lemma fixed_vectors_orthogonal_jordan_block_f_tm1:
  assumes m: "2 \<le> m"
  shows "fixed_vectors_orthogonal (jordan_block_f (tm1 :: 'a::field poly) m)"
  unfolding fixed_vectors_orthogonal_def
proof (intro allI impI)
  let ?J = "jordan_block_f (tm1 :: 'a poly) m"
  have J: "?J \<in> carrier_mat m m" using jordan_block_f_carrier[of "tm1 :: 'a poly" m] by simp
  fix b c :: "'a vec"
  assume b: "b \<in> carrier_vec (dim_row ?J)" and c: "c \<in> carrier_vec (dim_row ?J)"
    and fix_b: "?J *\<^sub>v b = b" and fix_c: "transpose_mat ?J *\<^sub>v c = c"
  have b_zero: "b $ (i + 1) = 0" if i: "i + 1 < m" for i
  proof -
    have "(?J *\<^sub>v b) $ i = (\<Sum>l<m. ?J $$ (i, l) * b $ l)"
      using J b i by (simp add: scalar_prod_def atLeast0LessThan)
    also have "\<dots> = (\<Sum>l<m. (if i = l \<or> i + 1 = l then 1 else 0) * b $ l)"
      using i by (intro sum.cong) (auto simp: jordan_block_f_tm1_index)
    also have "\<dots> = b $ i + b $ (i + 1)"
      using i by (intro sum_indicator_two) auto
    finally show ?thesis using fix_b by simp
  qed
  have c_zero: "c $ i = 0" if i: "i + 1 < m" for i
  proof -
    have "(transpose_mat ?J *\<^sub>v c) $ (i + 1) = (\<Sum>l<m. ?J $$ (l, i + 1) * c $ l)"
      using J c i by (simp add: scalar_prod_def atLeast0LessThan)
    also have "\<dots> = (\<Sum>l<m. (if i + 1 = l \<or> i = l then 1 else 0) * c $ l)"
      using i by (intro sum.cong) (auto simp: jordan_block_f_tm1_index)
    also have "\<dots> = c $ (i + 1) + c $ i"
      using i by (intro sum_indicator_two) auto
    finally show ?thesis using fix_c by simp
  qed
  \<comment> \<open>Fixed vectors of \<open>?J\<close> are supported on the first coordinate, those of its transpose
    on the last, and these differ because \<open>m \<ge> 2\<close>.\<close>
  have "c $ l * b $ l = 0" if "l < m" for l
    using b_zero[of "l - 1"] c_zero[of l] that m by (cases l) auto
  then show "c \<bullet> b = 0"
    using J b by (simp add: scalar_prod_def sum.neutral)
qed

lemma Phi_other_than_tm1:
  fixes f :: "'a::field poly"
  assumes "f \<in> Phi" "f \<noteq> tm1"
  shows "degree f \<ge> 1" and "lead_coeff f = 1" and "poly f 1 \<noteq> 0"
proof -
  have irr: "irreducible f" and lc: "lead_coeff f = 1" using assms unfolding Phi_def by auto
  then show "degree f \<ge> 1" "lead_coeff f = 1"
    by (auto simp: irreducible_def is_unit_iff_degree)
  show "poly f 1 \<noteq> 0"
  proof
    assume "poly f 1 = 0"
    then have "tm1 dvd f" unfolding tm1_def using poly_eq_0_iff_dvd by blast
    moreover have "\<not> is_unit (tm1 :: 'a poly)"
      using is_unit_iff_degree[of "tm1 :: 'a poly"] by (simp add: tm1_def)
    ultimately obtain g where f_eq: "f = tm1 * g" and "is_unit g"
      using irr by (metis dvdE irreducibleD)
    then obtain c where "g = [:c:]" using is_unit_poly_iff by blast
    then have "f = smult c tm1" using f_eq by simp
    moreover from this have "c = 1" using lc by (cases "c = 0") (simp_all add: tm1_def)
    ultimately have "f = tm1" by simp
    with assms(2) show False ..
  qed
qed

lemma poly_one_eq_sum_coeff:
  fixes f :: "'a::comm_semiring_1 poly"
  assumes "lead_coeff f = 1"
  shows "poly f 1 = (\<Sum>j<degree f. coeff f j) + 1"
  using assms by (simp add: poly_altdef lessThan_Suc_atMost[symmetric])

lemma companion_fixed_vector_eq_zero:
  fixes f :: "'a::field poly"
  assumes d: "degree f \<ge> 1" and lc: "lead_coeff f = 1" and f1: "poly f 1 \<noteq> 0"
    and b: "b \<in> carrier_vec (degree f)" and fix_b: "companion f *\<^sub>v b = b"
  shows "b = 0\<^sub>v (degree f)"
proof -
  define d where "d = degree f"
  have d1: "1 \<le> d" using d d_def by simp
  have entry: "companion f $$ (i, j) =
      (if i = d - 1 then - coeff f j else if j = i + 1 then 1 else 0)"
    if "i < d" "j < d" for i j
    using that unfolding companion_def Let_def d_def by auto
  have row: "b $ i = (\<Sum>j<d. companion f $$ (i, j) * b $ j)" if "i < d" for i
    using that b fix_b[THEN arg_cong, of "\<lambda>v. v $ i"]
    unfolding d_def companion_def Let_def by (simp add: scalar_prod_def atLeast0LessThan)
  have step: "b $ (i + 1) = b $ i" if i: "i + 1 < d" for i
  proof -
    have "(\<Sum>j<d. companion f $$ (i, j) * b $ j) = (\<Sum>j<d. if j = i + 1 then b $ j else 0)"
      by (rule sum.cong) (use i in \<open>auto simp: entry\<close>)
    then show ?thesis using i row[of i] by simp
  qed
  have const: "b $ i = b $ 0" if "i < d" for i
    using that
  proof (induction i)
    case (Suc i)
    then show ?case using step[of i] by simp
  qed simp
  \<comment> \<open>The last row says that \<open>b $ 0\<close> is annihilated by \<open>poly f 1\<close>.\<close>
  have "(\<Sum>j<d. companion f $$ (d - 1, j) * b $ j) = (\<Sum>j<d. - coeff f j * b $ 0)"
  proof (rule sum.cong)
    fix j assume "j \<in> {..<d}"
    then show "companion f $$ (d - 1, j) * b $ j = - coeff f j * b $ 0"
      using entry[of "d - 1" j] const[of j] d1 by simp
  qed simp
  then have "b $ 0 = (\<Sum>j<d. - coeff f j * b $ 0)"
    using row[of "d - 1"] const[of "d - 1"] d1 by simp
  also have "\<dots> = - (\<Sum>j<d. coeff f j) * b $ 0"
    by (simp add: sum_distrib_right sum_negf)
  finally have "poly f 1 * b $ 0 = 0"
    using poly_one_eq_sum_coeff[OF lc] unfolding d_def
    by (simp add: algebra_simps eq_neg_iff_add_eq_0)
  then have "b $ 0 = 0" using f1 by simp
  then show ?thesis
    using b const unfolding d_def by (intro eq_vecI) (simp_all only: index_zero_vec carrier_vecD)
qed

lemma jordan_block_f_index:
  assumes "i < degree f * m" "j < degree f * m"
  shows "jordan_block_f f m $$ (i, j) = (let d = degree f in
    if i div d = j div d then companion f $$ (i mod d, j mod d)
    else if j div d = i div d + 1 then (if i mod d = j mod d then 1 else 0)
    else 0)"
  using assms unfolding jordan_block_f_def Let_def by simp

lemma jordan_block_f_Suc:
  fixes f :: "'a::field poly"
  assumes d: "degree f \<ge> 1"
  obtains E where "E \<in> carrier_mat (degree f) (degree f * m)"
    and "jordan_block_f f (Suc m) =
      four_block_mat (companion f) E (0\<^sub>m (degree f * m) (degree f)) (jordan_block_f f m)"
proof -
  define d where "d = degree f"
  let ?J = "jordan_block_f f (Suc m)"
  define E where "E = mat d (d * m) (\<lambda>(i, j). ?J $$ (i, j + d))"
  have C: "companion f \<in> carrier_mat d d"
    unfolding companion_def Let_def d_def by simp
  have "?J = four_block_mat (companion f) E (0\<^sub>m (d * m) d) (jordan_block_f f m)"
  proof (rule eq_matI)
    let ?M = "four_block_mat (companion f) E (0\<^sub>m (d * m) d) (jordan_block_f f m)"
    fix i j assume "i < dim_row ?M" and "j < dim_col ?M"
    then have i: "i < d + d * m" and j: "j < d + d * m"
      using C jordan_block_f_carrier[of f m] unfolding E_def d_def by auto
    have shift: "x div d = Suc ((x - d) div d)" "x mod d = (x - d) mod d" if "d \<le> x" for x
      using that d d_def by (simp_all add: le_div_geq le_mod_geq)
    show "?J $$ (i, j) = ?M $$ (i, j)"
      using i j C jordan_block_f_carrier[of f m] shift[of i] shift[of j]
        jordan_block_f_index[of i f "Suc m" j] jordan_block_f_index[of "i - d" f m "j - d"]
      unfolding E_def d_def[symmetric] Let_def by (auto simp: d_def[symmetric])
  qed (use C jordan_block_f_carrier[of f m] jordan_block_f_carrier[of f "Suc m"]
      in \<open>auto simp: E_def d_def\<close>)
  moreover have "E \<in> carrier_mat d (d * m)" unfolding E_def by simp
  ultimately show ?thesis using that unfolding d_def by blast
qed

----------------------------------------

Exercise objective =>
I need each line of the entries that holds the string "assumes" located and copied.

Response to the exercise =>
  assumes m: "2 \<le> m"
  assumes "f \<in> Phi" "f \<noteq> tm1"
  assumes "lead_coeff f = 1"
  assumes d: "degree f \<ge> 1" and lc: "lead_coeff f = 1" and f1: "poly f 1 \<noteq> 0"
  assumes "i < degree f * m" "j < degree f * m"
  assumes d: "degree f \<ge> 1"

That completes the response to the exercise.